When there is no wind and the length of the nose remains the same, to alleviate the drag on the whole train the pressure distribution on the head and tail should both be considered if the head and tail are designed symmetrically. In other words, we should not only focus on the aerodynamic loads on head or tail. However, if the head and tail could be designed asymmetrically, the low drag design of high-speed trains could be achieved with the head nose shaping in single-arch ellipsoid and the tail taking the form of a spindle with a front-mounted cowcatcher. The asymmetrically developing vortices around the trailing nose lead to considerable fluctuations of the side force of the trailing car. These vortices also render the time-averaged side force of the trailing car nearly zero, but the side force fluctuates with rather obvious amplitude. The single-arch ellipsoid streamlined structure can moderate the amplitude of the side force well.

In crosswind conditions, the stagnant point on the head nose tends to lean at the windward side, enlarging the intensity and size of the windward high pressure zone and that of the leeward low pressure zone. It also remarkably aggravates the aerodynamic side force and lift. The wide-flat double-arch structure is more advantageous to the reduction of the side force and the lift on the leading and trailing car. Primary emphasis should firstly be laid on the head when conducting the design in crosswind conditions.

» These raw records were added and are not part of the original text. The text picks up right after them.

lemma finite_children: "finite A \<Longrightarrow> finite Y \<Longrightarrow> finite (children Y A)"
  by (simp add: children_eq_image)

lemma snoc_mem_children_iff [simp]: "w @ [c] \<in> children Y A \<longleftrightarrow> w \<in> A \<and> c \<in> Y"
  by (auto simp: children_def)

lemma Nil_notin_children [simp]: "[] \<notin> children Y A"
  by (simp add: children_def)

lemma mem_children_iff: "v \<in> children Y A \<longleftrightarrow> v \<noteq> [] \<and> butlast v \<in> A \<and> last v \<in> Y"
  by (cases v rule: rev_cases) auto

lemma card_children_filter:
  assumes "finite A" "finite Y"
  shows "card {v\<in>children Y A. P v} = (\<Sum>w\<in>A. card {c\<in>Y. P (w @ [c])})"
proof -
  have "{v\<in>children Y A. P v} = (\<Union>w\<in>A. (\<lambda>c. w @ [c]) ` {c\<in>Y. P (w @ [c])})"
    by (auto simp: children_def)
  also have "card \<dots> = (\<Sum>w\<in>A. card ((\<lambda>c. w @ [c]) ` {c\<in>Y. P (w @ [c])}))"
    using assms by (intro card_UN_disjoint) auto
  also have "\<dots> = (\<Sum>w\<in>A. card {c\<in>Y. P (w @ [c])})"
    by (intro sum.cong refl card_image) (auto intro: inj_onI)
  finally show ?thesis .
qed

context
  fixes Y Y0 Y1 :: "'a set"
  assumes finite: "finite Y" and partition: "Y0 \<union> Y1 = Y" "Y0 \<inter> Y1 = {}"
begin

lemma card_even_children:
  assumes "finite A"
  shows "card_even Y1 (children Y A) = card Y0 * card_even Y1 A + card Y1 * card_odd Y1 A"
proof -
  have "{c\<in>Y. even_word Y1 (w @ [c])} = (if even_word Y1 w then Y0 else Y1)" for w
    using partition by (auto simp: even_word_snoc)
  then have "card_even Y1 (children Y A) = (\<Sum>w\<in>A. if even_word Y1 w then card Y0 else card Y1)"
    using assms finite by (simp add: card_even_def card_children_filter if_distrib[of card])
  also have "\<dots> = (\<Sum>w\<in>{w\<in>A. even_word Y1 w}. card Y0) + (\<Sum>w\<in>{w\<in>A. odd_word Y1 w}. card Y1)"
    using assms by (simp add: sum.If_cases odd_word_iff_not_even_word Collect_conj_eq Int_commute
        Compl_eq)
  finally show ?thesis
    by (simp add: card_even_def card_odd_def)
qed

lemma card_odd_children:
  assumes "finite A"
  shows "card_odd Y1 (children Y A) = card Y1 * card_even Y1 A + card Y0 * card_odd Y1 A"
proof -
  have "{c\<in>Y. odd_word Y1 (w @ [c])} = (if even_word Y1 w then Y1 else Y0)" for w
    using partition by (auto simp: even_word_snoc odd_word_iff_not_even_word)
  then have "card_odd Y1 (children Y A) = (\<Sum>w\<in>A. if even_word Y1 w then card Y1 else card Y0)"
    using assms finite by (simp add: card_odd_def card_children_filter if_distrib[of card])
  also have "\<dots> = (\<Sum>w\<in>{w\<in>A. even_word Y1 w}. card Y1) + (\<Sum>w\<in>{w\<in>A. odd_word Y1 w}. card Y0)"
    using assms by (simp add: sum.If_cases odd_word_iff_not_even_word Collect_conj_eq Int_commute
        Compl_eq)
  finally show ?thesis
    by (simp add: card_even_def card_odd_def)
qed
lemma component_at_eq_iff: "component_at a = component_at b \<longleftrightarrow> a - b \<in> periods"
  unfolding component_at_def by (simp add: weak_component_eq_iff weakly_conn_spow_iff)

lemma conn_length_if_component_at_eq:
  assumes "component_at a = component_at b" and "a \<noteq> b"
  shows "nat \<bar>a - b\<bar> \<in> conn_lengths G L R"
proof -
  have "a - b \<in> periods" using assms(1) component_at_eq_iff by blast
  then have "\<bar>a - b\<bar> \<in> periods" using periods_uminus[of "a - b"] by (simp add: abs_if)
  then show ?thesis using assms(2) by (simp add: conn_lengths_eq)
qed

lemma spow_mult_component_at: "y \<in> component_at a \<Longrightarrow> spow n \<otimes> y \<in> component_at (a + n)"
  unfolding component_at_def weak_component_def
  using weakly_conn_mult_spow[of "spow a" y n] by (simp add: spow_add[symmetric] add.commute)

lemma right_acts_as_mult_component_at:
  assumes "right_acts_as t d" and t: "t \<in> carrier G" and y: "y \<in> component_at a"
  shows "y \<otimes> t \<in> component_at (a + d)"
proof -
  have yG: "y \<in> carrier G" using component_at_carrier[OF y] .
  have "wc (spow (a + d)) (spow d \<otimes> y)"
    using spow_mult_component_at[OF y, of d] unfolding component_at_def weak_component_def by simp
  moreover have "wc (y \<otimes> t) (spow d \<otimes> y)"
    using assms(1) yG unfolding right_acts_as_def by simp
  ultimately show ?thesis
    unfolding component_at_def weak_component_def using yG t
    by (blast intro: weakly_conn_sym weakly_conn_trans)
qed
(*
  At the saddle point, stationarity in v gives alpha v* = K^T u*, and stationarity in u
  (Gibbs' variational principle) gives r - K v* = tau ln pi*, where pi* = u* / utilde u* is the
  saddle policy.  In the deviations x = v - v*, y = u - u* the flow then has the Lyapunov function
    W = alpha/2 |x|^2 + tau * sum_sa KL(u*_sa || u_sa)      (generalised KL divergence)
  with W' = -alpha |x|^2 - tau <y, ln pi - ln pi*> <= 0, so u stays in a compact subset of the open
  orthant.  W does not dissipate the row masses utilde u, so it is perturbed to
  V = W - eps <x, K^T y>.  Since pi* turns P into a stochastic matrix and gamma < 1, K^T is
  invertible on the masses, whence |y|^2 <= C (|K^T y|^2 + |pi - pi*|^2).  For small eps this
  makes V comparable to |x|^2 + |y|^2 with V' <= -c V, and Groenwall's inequality concludes.
*)

lemma two_mult_le_weighted_squares:
  fixes a b c :: real
  assumes "c > 0"
  shows "2 * a * b \<le> c * a\<^sup>2 + b\<^sup>2 / c"
proof -
  have "0 \<le> (c * a - b)\<^sup>2 / c" using assms by simp
  also have "\<dots> = c * a\<^sup>2 + b\<^sup>2 / c - 2 * a * b" using assms by (simp add: power2_eq_square field_simps)
  finally show ?thesis by simp
qed

lemma square_add_le:
  fixes a b :: real
  shows "(a + b)\<^sup>2 \<le> 2 * a\<^sup>2 + 2 * b\<^sup>2"
  using sum_squares_bound[of a b] by (simp add: power2_sum)

lemma square_diff_le:
  fixes a b :: real
  shows "(a - b)\<^sup>2 \<le> 2 * a\<^sup>2 + 2 * b\<^sup>2"
  using square_add_le[of a "- b"] by simp

lemma abs_ln_diff_le:
  fixes a b m :: real
  assumes "m > 0" "a \<ge> m" "b \<ge> m"
  shows "\<bar>ln a - ln b\<bar> \<le> \<bar>a - b\<bar> / m"
proof -
  have "ln x - ln y \<le> \<bar>a - b\<bar> / m" if "x \<ge> m" "y \<ge> m" "\<bar>x - y\<bar> = \<bar>a - b\<bar>" for x y
  proof -
    have "ln (x / y) \<le> x / y - 1" using that assms by (intro ln_le_minus_one) auto
    then have "ln x - ln y \<le> (x - y) / y" using that assms by (simp add: ln_div field_simps)
    also have "\<dots> \<le> \<bar>a - b\<bar> / m" using that assms by (intro frac_le) auto
    finally show ?thesis .
  qed
  from this[of a b] this[of b a] show ?thesis using assms by (auto simp: abs_minus_commute)
qed

lemma le_sqrt_mult_exp_of_square_le:
  fixes x K c t :: real
  assumes "x\<^sup>2 \<le> K * exp (- c * t)"
  shows "x \<le> sqrt K * exp (- (c / 2) * t)"
proof -
  have "0 \<le> K * exp (- c * t)" using order_trans[OF zero_le_power2 assms] .
  then have "K \<ge> 0" by (simp add: zero_le_mult_iff)
  have "- (c / 2) * t + - (c / 2) * t = - c * t" by simp
  then have "(exp (- (c / 2) * t))\<^sup>2 = exp (- c * t)" by (simp add: power2_eq_square mult_exp_exp)
  then have "(sqrt K * exp (- (c / 2) * t))\<^sup>2 = K * exp (- c * t)"
    using \<open>K \<ge> 0\<close> by (simp only: power_mult_distrib real_sqrt_pow2)
  then have "x\<^sup>2 \<le> (sqrt K * exp (- (c / 2) * t))\<^sup>2" using assms by simp
  moreover have "0 \<le> sqrt K * exp (- (c / 2) * t)" using \<open>K \<ge> 0\<close> by simp
  ultimately show ?thesis by (rule power2_le_imp_le)
qed

lemma sum_squares_le_square_sum_abs:
  fixes w :: "'a \<Rightarrow> real"
  assumes "finite I"
  shows "(\<Sum>i\<in>I. (w i)\<^sup>2) \<le> (\<Sum>i\<in>I. \<bar>w i\<bar>)\<^sup>2"
proof -
  have "(w i)\<^sup>2 \<le> \<bar>w i\<bar> * (\<Sum>i\<in>I. \<bar>w i\<bar>)" if "i \<in> I" for i
    using member_le_sum[OF that _ assms, of "\<lambda>i. \<bar>w i\<bar>"]
    by (metis abs_ge_zero mult_left_mono power2_abs power2_eq_square)
  then have "(\<Sum>i\<in>I. (w i)\<^sup>2) \<le> (\<Sum>i\<in>I. \<bar>w i\<bar> * (\<Sum>i\<in>I. \<bar>w i\<bar>))" by (rule sum_mono)
  then show ?thesis by (simp add: sum_distrib_right[symmetric] power2_eq_square)
qed

lemma finite_UNIV_ex_pos_lower_bound:
  fixes f :: "'a::finite \<Rightarrow> real"
  assumes "\<And>i. f i > 0"
  shows "\<exists>m>0. \<forall>i. m \<le> f i"
  using assms by (intro exI[of _ "Min (range f)"]) auto

lemma finite_UNIV_ex_upper_bound:
  fixes f :: "'a::finite \<Rightarrow> real"
  shows "\<exists>M. \<forall>i. f i \<le> M"
  by (intro exI[of _ "Max (range f)"]) auto

lemma sum_sum_UNIV_eq_sum_pairs:
  fixes g :: "'a::finite \<Rightarrow> 'b::finite \<Rightarrow> 'c::comm_monoid_add"
  shows "(\<Sum>i\<in>UNIV. \<Sum>j\<in>UNIV. g i j) = (\<Sum>p\<in>UNIV. g (fst p) (snd p))"
  by (simp add: sum.cartesian_product UNIV_Times_UNIV[symmetric] case_prod_beta del: UNIV_Times_UNIV)

lemma Cauchy_Schwarz_ineq_sum_sum:
  fixes k y :: "'a::finite \<Rightarrow> 'b::finite \<Rightarrow> real"
  shows "(\<Sum>i\<in>UNIV. \<Sum>j\<in>UNIV. k i j * y i j)\<^sup>2
    \<le> (\<Sum>i\<in>UNIV. \<Sum>j\<in>UNIV. (k i j)\<^sup>2) * (\<Sum>i\<in>UNIV. \<Sum>j\<in>UNIV. (y i j)\<^sup>2)"
  unfolding sum_sum_UNIV_eq_sum_pairs by (rule Cauchy_Schwarz_ineq_sum)

lemma sum_abs_add_sum_sum_abs_squared_le:
  fixes x :: "'a::finite \<Rightarrow> real" and y :: "'a \<Rightarrow> 'b::finite \<Rightarrow> real"
  shows "((\<Sum>i\<in>UNIV. \<bar>x i\<bar>) + (\<Sum>i\<in>UNIV. \<Sum>j\<in>UNIV. \<bar>y i j\<bar>))\<^sup>2
    \<le> 2 * (CARD('a) + CARD('a) * CARD('b))
        * ((\<Sum>i\<in>UNIV. (x i)\<^sup>2) + (\<Sum>i\<in>UNIV. \<Sum>j\<in>UNIV. (y i j)\<^sup>2))"
proof -
  have x: "(\<Sum>i\<in>UNIV. \<bar>x i\<bar>)\<^sup>2 \<le> CARD('a) * (\<Sum>i\<in>UNIV. (x i)\<^sup>2)"
    using sum_squared_le_sum_of_squares[of "\<lambda>i. \<bar>x i\<bar>" UNIV] by (simp add: mult.commute)
  have "(\<Sum>p\<in>UNIV. \<bar>y (fst p) (snd p)\<bar>)\<^sup>2 \<le> CARD('a \<times> 'b) * (\<Sum>p\<in>UNIV. (y (fst p) (snd p))\<^sup>2)"
    using sum_squared_le_sum_of_squares[of "\<lambda>p. \<bar>y (fst p) (snd p)\<bar>" UNIV] by (simp add: mult.commute)
  then have y: "(\<Sum>i\<in>UNIV. \<Sum>j\<in>UNIV. \<bar>y i j\<bar>)\<^sup>2 \<le> CARD('a) * CARD('b) * (\<Sum>i\<in>UNIV. \<Sum>j\<in>UNIV. (y i j)\<^sup>2)"
    unfolding sum_sum_UNIV_eq_sum_pairs by simp
  have "((\<Sum>i\<in>UNIV. \<bar>x i\<bar>) + (\<Sum>i\<in>UNIV. \<Sum>j\<in>UNIV. \<bar>y i j\<bar>))\<^sup>2
      \<le> 2 * (\<Sum>i\<in>UNIV. \<bar>x i\<bar>)\<^sup>2 + 2 * (\<Sum>i\<in>UNIV. \<Sum>j\<in>UNIV. \<bar>y i j\<bar>)\<^sup>2"
    by (rule square_add_le)
  also have "\<dots> \<le> 2 * (CARD('a) * (\<Sum>i\<in>UNIV. (x i)\<^sup>2))
      + 2 * (CARD('a) * CARD('b) * (\<Sum>i\<in>UNIV. \<Sum>j\<in>UNIV. (y i j)\<^sup>2))"
    using x y by linarith
  also have "\<dots> \<le> 2 * (CARD('a) + CARD('a) * CARD('b))
      * ((\<Sum>i\<in>UNIV. (x i)\<^sup>2) + (\<Sum>i\<in>UNIV. \<Sum>j\<in>UNIV. (y i j)\<^sup>2))"
    by (simp add: algebra_simps sum_nonneg)
  finally show ?thesis .
qed

lemma sum_mult_le_weighted_sum_squares:
  fixes x y :: "'a \<Rightarrow> real"
  assumes "c > 0"
  shows "(\<Sum>i\<in>I. x i * y i) \<le> c / 2 * (\<Sum>i\<in>I. (x i)\<^sup>2) + (\<Sum>i\<in>I. (y i)\<^sup>2) / (2 * c)"
proof -
  have "x i * y i \<le> c / 2 * (x i)\<^sup>2 + (y i)\<^sup>2 / (2 * c)" for i
    using two_mult_le_weighted_squares[OF assms, of "x i" "y i"] assms by (simp add: field_simps)
  then have "(\<Sum>i\<in>I. x i * y i) \<le> (\<Sum>i\<in>I. c / 2 * (x i)\<^sup>2 + (y i)\<^sup>2 / (2 * c))"
    by (rule sum_mono)
  then show ?thesis by (simp add: sum.distrib sum_distrib_left sum_divide_distrib)
qed

lemma sum_abs_le_sum_abs_sub_stochastic:
  fixes w :: "'n::finite \<Rightarrow> real" and c :: "'n \<Rightarrow> 'n \<Rightarrow> real"
  assumes c_nonneg: "\<And>i j. c i j \<ge> 0" and c_stoch: "\<And>i. (\<Sum>j\<in>UNIV. c i j) = 1"
    and "\<gamma> \<ge> 0"
  shows "(1 - \<gamma>) * (\<Sum>i\<in>UNIV. \<bar>w i\<bar>) \<le> (\<Sum>j\<in>UNIV. \<bar>w j - \<gamma> * (\<Sum>i\<in>UNIV. w i * c i j)\<bar>)"
proof -
  have "\<bar>w j\<bar> \<le> \<bar>w j - \<gamma> * (\<Sum>i\<in>UNIV. w i * c i j)\<bar> + \<gamma> * (\<Sum>i\<in>UNIV. \<bar>w i\<bar> * c i j)" for j
  proof -
    have "\<bar>\<Sum>i\<in>UNIV. w i * c i j\<bar> \<le> (\<Sum>i\<in>UNIV. \<bar>w i\<bar> * c i j)"
      using sum_abs[of "\<lambda>i. w i * c i j" UNIV] c_nonneg by (simp add: abs_mult)
    then have "\<bar>\<gamma> * (\<Sum>i\<in>UNIV. w i * c i j)\<bar> \<le> \<gamma> * (\<Sum>i\<in>UNIV. \<bar>w i\<bar> * c i j)"
      using \<open>\<gamma> \<ge> 0\<close> by (simp add: abs_mult mult_left_mono)
    then show ?thesis by linarith
  qed
  then have "(\<Sum>j\<in>UNIV. \<bar>w j\<bar>)
      \<le> (\<Sum>j\<in>UNIV. \<bar>w j - \<gamma> * (\<Sum>i\<in>UNIV. w i * c i j)\<bar> + \<gamma> * (\<Sum>i\<in>UNIV. \<bar>w i\<bar> * c i j))"
    by (rule sum_mono)
  also have "\<dots> = (\<Sum>j\<in>UNIV. \<bar>w j - \<gamma> * (\<Sum>i\<in>UNIV. w i * c i j)\<bar>)
      + \<gamma> * (\<Sum>j\<in>UNIV. \<Sum>i\<in>UNIV. \<bar>w i\<bar> * c i j)"
    by (simp add: sum.distrib sum_distrib_left)
  also have "(\<Sum>j\<in>UNIV. \<Sum>i\<in>UNIV. \<bar>w i\<bar> * c i j) = (\<Sum>i\<in>UNIV. \<bar>w i\<bar>)"
    by (subst sum.swap) (simp add: sum_distrib_left[symmetric] c_stoch)
  finally show ?thesis by (simp add: algebra_simps)
qed
text \<open>The cyclic matrix of the statement, 0-based indices: gamma 0 is gamma_1.\<close>
definition cyclic_mat :: "nat \<Rightarrow> (nat \<Rightarrow> real) \<Rightarrow> real mat" where
  "cyclic_mat n \<gamma> = mat n n (\<lambda>(i,j).
     if i = j then -1
     else if i = 0 \<and> j = n - 1 then - \<gamma> 0
     else if 0 < i \<and> j = i - 1 then \<gamma> i
     else 0)"

end

theory Submission
  imports Defs
begin

text \<open>
  Conjugating A by a positive diagonal matrix R preserves diagonal stability (D becomes R D R),
  and the choice r_i = gamma_2 ... gamma_i / G^(i-1), with G the geometric mean of the gamma_i,
  replaces every gamma_i by G. For this balanced matrix
  x^T (D A + A^T D) x = 2 * sum_i d_i x_i (G x'_(i-1) - x_i), where x'_(i-1) is the cyclic
  predecessor of x_i with the sign flipped across the corner. If G cos(pi/n) < 1, then D = I works:
  the twisted cycle form sum_i x_i x'_(i-1) is at most cos(pi/n) |x|^2, by an explicit sum of
  squares. Conversely, on the real and imaginary parts of the vector (exp (sqrt(-1) j pi/n))_j, an
  eigenvector of the twisted cycle, the two Lyapunov forms add up to (G cos(pi/n) - 1) sum_i d_i,
  so their negativity forces G cos(pi/n) < 1.
\<close>

definition twisted_pred :: "nat \<Rightarrow> (nat \<Rightarrow> real) \<Rightarrow> nat \<Rightarrow> real" where
  "twisted_pred n x i = (if i = 0 then - x (n - 1) else x (i - 1))"

text \<open>
  The twisted cycle form on y_0, ..., y_m, z (z closing the cycle), with the weights of y_m, z
  and of the edge y_m z tuned so that it vanishes for m = 0 and each step from m to m + 1 adds a
  perfect square. For theta = pi/n and m + 2 = n the tuned weights are the true ones, cos theta
  and 1.
\<close>
definition tuned_cycle_form :: "real \<Rightarrow> (nat \<Rightarrow> real) \<Rightarrow> real \<Rightarrow> nat \<Rightarrow> real" where
  "tuned_cycle_form \<theta> y z m = cos \<theta> * (\<Sum>j<m. (y j)\<^sup>2)
     + sin (real m * \<theta>) / (2 * sin ((real m + 1) * \<theta>)) * ((y m)\<^sup>2 + z\<^sup>2)
     - (\<Sum>k<m. y k * y (Suc k)) + y 0 * z - sin \<theta> / sin ((real m + 1) * \<theta>) * y m * z"
(* Let $p=p(n)$ be a sequence of probabilities and $k\ge1$ a fixed integer. Suppose \[p\ge\frac{\log(n)+(2/k)\log(\log(n))+\omega(n)}{n}\] for some $\omega(n)\to+\infty$, and suppose that either $k\ge2$, or $n(1-p)\to0$, or $n(1-p)\to\infty$. Then a.a.s. $\Gamma\in G(n,p)$ has no star $k$-separations.
   Context: $G(n,p)$ is the Erdős–Rényi random graph on vertex set $V$, $|V|=n$, with each edge present independently with probability $p$; a.a.s. means with probability tending to $1$; $\log$ is natural logarithm. For a graph $\Delta$ with vertex set $W$, a separation of $\Delta$ is a subset $S\subset W$ with $S\ne\varnothing$, $S\ne W$, and no edges between $S$ and $W\setminus S$. $\mathrm{st}(a)$ is $a$ together with its neighbours. A star separation of $\Gamma$ is a pair $(a,S)$ with $a\in V$, $S\subset V\setminus\mathrm{st}(a)$, such that $S$ is a separation of the full subgraph $\Gamma\setminus\mathrm{st}(a)$; it is a star $k$-separation if $|S|=k$. *)

theory Defs
  imports Complex_Main
begin

text \<open>Graphs on the vertex set V = {0..<n} are represented by their edge sets,
  i.e. sets of 2-element subsets of {0..<n}.\<close>

definition all_edges :: "nat \<Rightarrow> nat set set" where
  "all_edges n = {e. \<exists>a b. a < n \<and> b < n \<and> a \<noteq> b \<and> e = {a, b}}"

definition gnp_prob :: "nat \<Rightarrow> real \<Rightarrow> (nat set set \<Rightarrow> bool) \<Rightarrow> real" where
  "gnp_prob n p P = (\<Sum>E\<in>{E. E \<subseteq> all_edges n \<and> P E}.
      p ^ card E * (1 - p) ^ (card (all_edges n) - card E))"

definition star :: "nat set set \<Rightarrow> nat \<Rightarrow> nat set" where
  "star E a = insert a {b. {a, b} \<in> E}"

text \<open>S is a separation of the full subgraph of E on W.\<close>
definition is_separation :: "nat set set \<Rightarrow> nat set \<Rightarrow> nat set \<Rightarrow> bool" where
  "is_separation E W S \<longleftrightarrow> S \<subseteq> W \<and> S \<noteq> {} \<and> S \<noteq> W \<and>
     (\<forall>x\<in>S. \<forall>y\<in>W - S. {x, y} \<notin> E)"

definition star_separation :: "nat \<Rightarrow> nat set set \<Rightarrow> nat \<Rightarrow> nat set \<Rightarrow> bool" where
  "star_separation n E a S \<longleftrightarrow> a < n \<and> S \<subseteq> {0..<n} - star E a \<and>
     is_separation E ({0..<n} - star E a) S"

definition star_k_separation :: "nat \<Rightarrow> nat \<Rightarrow> nat set set \<Rightarrow> nat \<Rightarrow> nat set \<Rightarrow> bool" where
  "star_k_separation n k E a S \<longleftrightarrow> star_separation n E a S \<and> card S = k"

end

theory Submission
  imports Defs "HOL-Real_Asymp.Real_Asymp"
begin

text \<open>
  If \<open>(a, S)\<close> is a star \<open>k\<close>-separation, then \<open>a\<close> has no neighbour in \<open>S\<close> and every vertex
  outside \<open>S \<union> st(a)\<close> has no neighbour in \<open>S\<close>. For distinct vertices these conditions concern
  disjoint sets of potential edges, so their probabilities multiply. A union bound over \<open>S\<close> and
  \<open>a\<close>, in which the graphs where \<open>S\<close> is isolated are counted only once, bounds the probability
  for \<open>p \<le> 1/2\<close> by \<open>C n^k (1 + (np)^2) exp (-knp) + n^(k+1) exp (-sqrt n / 4)\<close>, and the
  hypothesis on \<open>p\<close> makes the first term \<open>O((1 + \<omega>^2) exp (-\<omega>))\<close>. For \<open>p \<ge> 1/2\<close> one also
  uses a vertex of \<open>\<Gamma> \<setminus> st(a)\<close> outside \<open>S\<close>; this gives the bound
  \<open>e^(k+2) (n(1-p))^(2k+1) exp (-n(1-p)/2) / n^(k-1)\<close>, which tends to \<open>0\<close> when \<open>k \<ge> 2\<close>, or
  when \<open>n(1-p)\<close> tends to \<open>0\<close> or to \<open>\<infinity>\<close>.
\<close>

section \<open>Random subsets of a finite set\<close>

definition subset_prob :: "real \<Rightarrow> 'a set \<Rightarrow> ('a set \<Rightarrow> bool) \<Rightarrow> real" where
  "subset_prob p B Q = (\<Sum>F\<in>{F. F \<subseteq> B \<and> Q F}. p ^ card F * (1 - p) ^ (card B - card F))"

lemma gnp_prob_eq_subset_prob: "gnp_prob n p P = subset_prob p (all_edges n) P"
  unfolding gnp_prob_def subset_prob_def by simp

Considering the specific operation scenario of high-speed trains, the current study could aid in the preference of the streamlined shape for engineering application. However, since the running scenarios of high-speed trains, such as trains passing by a tunnel or trains passing by each other, are also frequently met, the influence of typical streamlined shapes on pressure waves or aerodynamic loads is also needed. Meanwhile, aerodynamic shape optimization on the streamlined shape with best performance among these four types is required. Future study can be carried out by focusing on these specific aspects.